lemma tens_act_genEq:
  assumes rY: "rmod C Y dY rY" and s: "fwt C s"
    and ab: "(a, b) \<in> genEq (tens C X dX Y dY) (expl_pairs C X dX rX Y dY)" and c: "cd s = tdom C a"
  shows "(tens_act rY s a, tens_act rY s b) \<in> genEq (tens C X dX Y dY) (expl_pairs C X dX rX Y dY)"
proof (rule genEq_map[where P = "\<lambda>a. cd s = tdom C a", OF _ _ _ ab c])
  show "tens_act rY s w \<in> tens C X dX Y dY" if "w \<in> tens C X dX Y dY" "cd s = tdom C w" for w
  proof -
    obtain x phi y where w: "w = (x, phi, y)" by (cases w)
    have "cd s = dm phi" using that(2) unfolding w tdom_def by simp
    from tens_act_mem[OF rY that(1)[unfolded w] s this] show ?thesis unfolding w .
  qed
  show "cd s = tdom C b \<longleftrightarrow> cd s = tdom C a" if "(a, b) \<in> expl_pairs C X dX rX Y dY" for a b
    using tdom_expl_pairs[OF that] by simp
  show "(tens_act rY s a, tens_act rY s b) \<in> expl_pairs C X dX rX Y dY"
    if "(a, b) \<in> expl_pairs C X dX rX Y dY" "cd s = tdom C a" for a b
    using tens_act_expl_pairs[OF rY that(1) s that(2)] .
qed

lemma tens_tens_UsetE:
  assumes "b \<in> tens C (tens C X dX Y dY) (tdom C) (Uset C) id"
  obtains w s where "b = (w, s, fibfam C s)" "w \<in> tens C X dX Y dY" "fwt C s" "cd s = tdom C w"
    "rgt C rY (assoc C b) = tens_act rY s w"
proof -
  obtain w s z where b: "b = (w, s, z)" by (cases b)
  obtain x phi y where w: "w = (x, phi, y)" by (cases w)
  have h: "w \<in> tens C X dX Y dY" "fwt C s" "cd s = tdom C w" "z = fibfam C s"
    using assms unfolding b mem_tens_Uset by auto
  have "phi \<in> M" "cd s = dm phi" using h(1,3) unfolding w mem_tens tdom_def by simp_all
  then have "rgt C rY (assoc C b) = tens_act rY s w"
    unfolding b w h(4) by (rule rgt_assoc_fibfam[OF _ h(2)])
  then show ?thesis using that h unfolding b by blast
qed

lemma wedge_action_exists:
  assumes rY: "rmod C Y dY rY"
  shows "\<exists>r'. \<forall>b \<in> tens C (tens C X dX Y dY) (tdom C) (Uset C) id.
     r' (lft (wcls C X dX rX Y dY) b) = wcls C X dX rX Y dY (rgt C rY (assoc C b))"
proof -
  let ?T = "tens C X dX Y dY"
  let ?G = "genEq ?T (expl_pairs C X dX rX Y dY)"
  let ?p = "wcls C X dX rX Y dY"
  have p: "?p a = ?G `` {a}" for a unfolding wcls_def wedge_rel_eq ..
  have act_cong: "?p (tens_act rY s w') = ?p (tens_act rY s w)"
    if "w' \<in> ?T" "?p w' = ?p w" "fwt C s" "cd s = tdom C w" for w w' s
  proof -
    have "(w, w') \<in> ?G" using genEq_refl[OF that(1)] that(2) unfolding p by auto
    from tens_act_genEq[OF rY that(3) this that(4)] show ?thesis unfolding p by (metis genEq_Image_eq)
  qed
  define r' where "r' = (\<lambda>(c, s, _ :: nat \<Rightarrow> 'o).
    ?p (tens_act rY s (SOME w. w \<in> ?T \<and> ?p w = c \<and> tdom C w = cd s)))"
  have "r' (lft ?p b) = ?p (rgt C rY (assoc C b))" if b_in: "b \<in> tens C ?T (tdom C) (Uset C) id" for b
  proof -
    obtain w s where b: "b = (w, s, fibfam C s)" "w \<in> ?T" "fwt C s" "cd s = tdom C w"
      and assoc: "rgt C rY (assoc C b) = tens_act rY s w"
      using tens_tens_UsetE[OF b_in] .
    define w' where "w' = (SOME w'. w' \<in> ?T \<and> ?p w' = ?p w \<and> tdom C w' = cd s)"
    have "\<exists>w'. w' \<in> ?T \<and> ?p w' = ?p w \<and> tdom C w' = cd s"
      using b(2,4) by (intro exI[of _ w]) simp
    then have w': "w' \<in> ?T" "?p w' = ?p w" unfolding w'_def by (metis (mono_tags, lifting) someI_ex)+
    have "r' (lft ?p b) = ?p (tens_act rY s w')" unfolding r'_def b(1) lft_def w'_def by simp
    then show ?thesis unfolding assoc using act_cong[OF w' b(3,4)] by simp
  qed
  then show ?thesis by blast
qed

lemma wedge_action_formula:
  assumes r': "\<forall>b \<in> tens C (tens C X dX Y dY) (tdom C) (Uset C) id.
     r' (lft (wcls C X dX rX Y dY) b) = wcls C X dX rX Y dY (rgt C rY (assoc C b))"
    and w: "(x, phi, y) \<in> tens C X dX Y dY" and s: "fwt C s" and c: "cd s = dm phi"
  shows "r' (wcls C X dX rX Y dY (x, phi, y), s, fibfam C s)
    = wcls C X dX rX Y dY (x, cp phi s,
        restrict (\<lambda>i. rY (y i, fibm s phi i, fibfam C (fibm s phi i))) {..<crd (cd phi)})"
proof -
  have b: "((x, phi, y), s, fibfam C s) \<in> tens C (tens C X dX Y dY) (tdom C) (Uset C) id"
    using w s c unfolding mem_tens_Uset tdom_def by simp
  have "phi \<in> M" using w unfolding mem_tens by blast
  from r' b have "r' (lft (wcls C X dX rX Y dY) ((x, phi, y), s, fibfam C s))
      = wcls C X dX rX Y dY (rgt C rY (assoc C ((x, phi, y), s, fibfam C s)))" by blast
  then show ?thesis unfolding rgt_assoc_fibfam[OF \<open>phi \<in> M\<close> s c] lft_def tens_act_def by simp
qed

end

theorem proposition9p2:
  fixes C :: "('o, 'm) opcat"
    and X :: "'x set" and dX :: "'x \<Rightarrow> 'o" and rX :: "('x \<times> 'm \<times> (nat \<Rightarrow> 'o)) \<Rightarrow> 'x"
    and Y :: "'y set" and dY :: "'y \<Rightarrow> 'o" and rY :: "('y \<times> 'm \<times> (nat \<Rightarrow> 'o)) \<Rightarrow> 'y"
  assumes "operadic C" and "rmod C X dX rX" and "rmod C Y dY rY"
  shows
    "(rmod C (Uset C) id lam \<and>
      (\<forall>r r'. rmod C (Uset C) id r \<and> rmod C (Uset C) id r' \<longrightarrow>
         (\<forall>a \<in> tens C (Uset C) id (Uset C) id. r a = r' a))) \<and>
     wedge_rel C X dX rX Y dY = genEq (tens C X dX Y dY) (expl_pairs C X dX rX Y dY) \<and>
     (let p = wcls C X dX rX Y dY;
          determ = (\<lambda>r'. \<forall>b \<in> tens C (tens C X dX Y dY) (tdom C) (Uset C) id.
                           r' (lft p b) = p (rgt C rY (assoc C b)))
      in (\<exists>r'. determ r') \<and>
         (\<forall>r'. determ r' \<longrightarrow>
            (\<forall>x phi y s. phi \<in> cMor C \<and> x \<in> X \<and> dX x = cCod C phi \<and>
                y \<in> (\<Pi>\<^sub>E i \<in> {..<cCard C (cCod C phi)}. {v \<in> Y. dY v = cFib C phi i}) \<and>
                fwt C s \<and> cCod C s = cDom C phi \<longrightarrow>
               r' (p (x, phi, y), s, fibfam C s)
                 = p (x, cComp C phi s,
                      restrict (\<lambda>i. rY (y i, cFibm C s phi i, fibfam C (cFibm C s phi i)))
                               {..<cCard C (cCod C phi)}))))"
proof -
  interpret operadic_category C by (rule operadic_category.intro) (rule assms(1))
  show ?thesis
    unfolding Let_def
  proof (intro conjI allI impI ballI)
    show "rmod C (Uset C) id lam" by (rule rmod_Uset_lam)
    show "r a = r' a" if "rmod C (Uset C) id r \<and> rmod C (Uset C) id r'"
      and "a \<in> tens C (Uset C) id (Uset C) id" for r r' a
      using rmod_Uset_unique that by metis
    show "wedge_rel C X dX rX Y dY = genEq (tens C X dX Y dY) (expl_pairs C X dX rX Y dY)"
      by (rule wedge_rel_eq)
    show "\<exists>r'. \<forall>b \<in> tens C (tens C X dX Y dY) (tdom C) (Uset C) id.
        r' (lft (wcls C X dX rX Y dY) b) = wcls C X dX rX Y dY (rgt C rY (assoc C b))"
      by (rule wedge_action_exists[OF assms(3)])
  next
    fix r' x phi y s
    assume r': "\<forall>b \<in> tens C (tens C X dX Y dY) (tdom C) (Uset C) id.
        r' (lft (wcls C X dX rX Y dY) b) = wcls C X dX rX Y dY (rgt C rY (assoc C b))"
      and "phi \<in> M \<and> x \<in> X \<and> dX x = cd phi \<and> y \<in> fams Y dY phi \<and> fwt C s \<and> cd s = dm phi"
    then show "r' (wcls C X dX rX Y dY (x, phi, y), s, fibfam C s)
      = wcls C X dX rX Y dY (x, cp phi s,
          restrict (\<lambda>i. rY (y i, fibm s phi i, fibfam C (fibm s phi i))) {..<crd (cd phi)})"
      using wedge_action_formula[OF r'] unfolding mem_tens by blast
  qed
qed

end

TASK PROMPT:
Reproduce exactly the stretch of the material above that starts at the line with "c \<and> tdom" and ends at the line with "using b(2,4) by", both included, and nothing else.

RESPONSE AREA:
    ?p (tens_act rY s (SOME w. w \<in> ?T \<and> ?p w = c \<and> tdom C w = cd s)))"
  have "r' (lft ?p b) = ?p (rgt C rY (assoc C b))" if b_in: "b \<in> tens C ?T (tdom C) (Uset C) id" for b
  proof -
    obtain w s where b: "b = (w, s, fibfam C s)" "w \<in> ?T" "fwt C s" "cd s = tdom C w"
      and assoc: "rgt C rY (assoc C b) = tens_act rY s w"
      using tens_tens_UsetE[OF b_in] .
    define w' where "w' = (SOME w'. w' \<in> ?T \<and> ?p w' = ?p w \<and> tdom C w' = cd s)"
    have "\<exists>w'. w' \<in> ?T \<and> ?p w' = ?p w \<and> tdom C w' = cd s"
      using b(2,4) by (intro exI[of _ w]) simp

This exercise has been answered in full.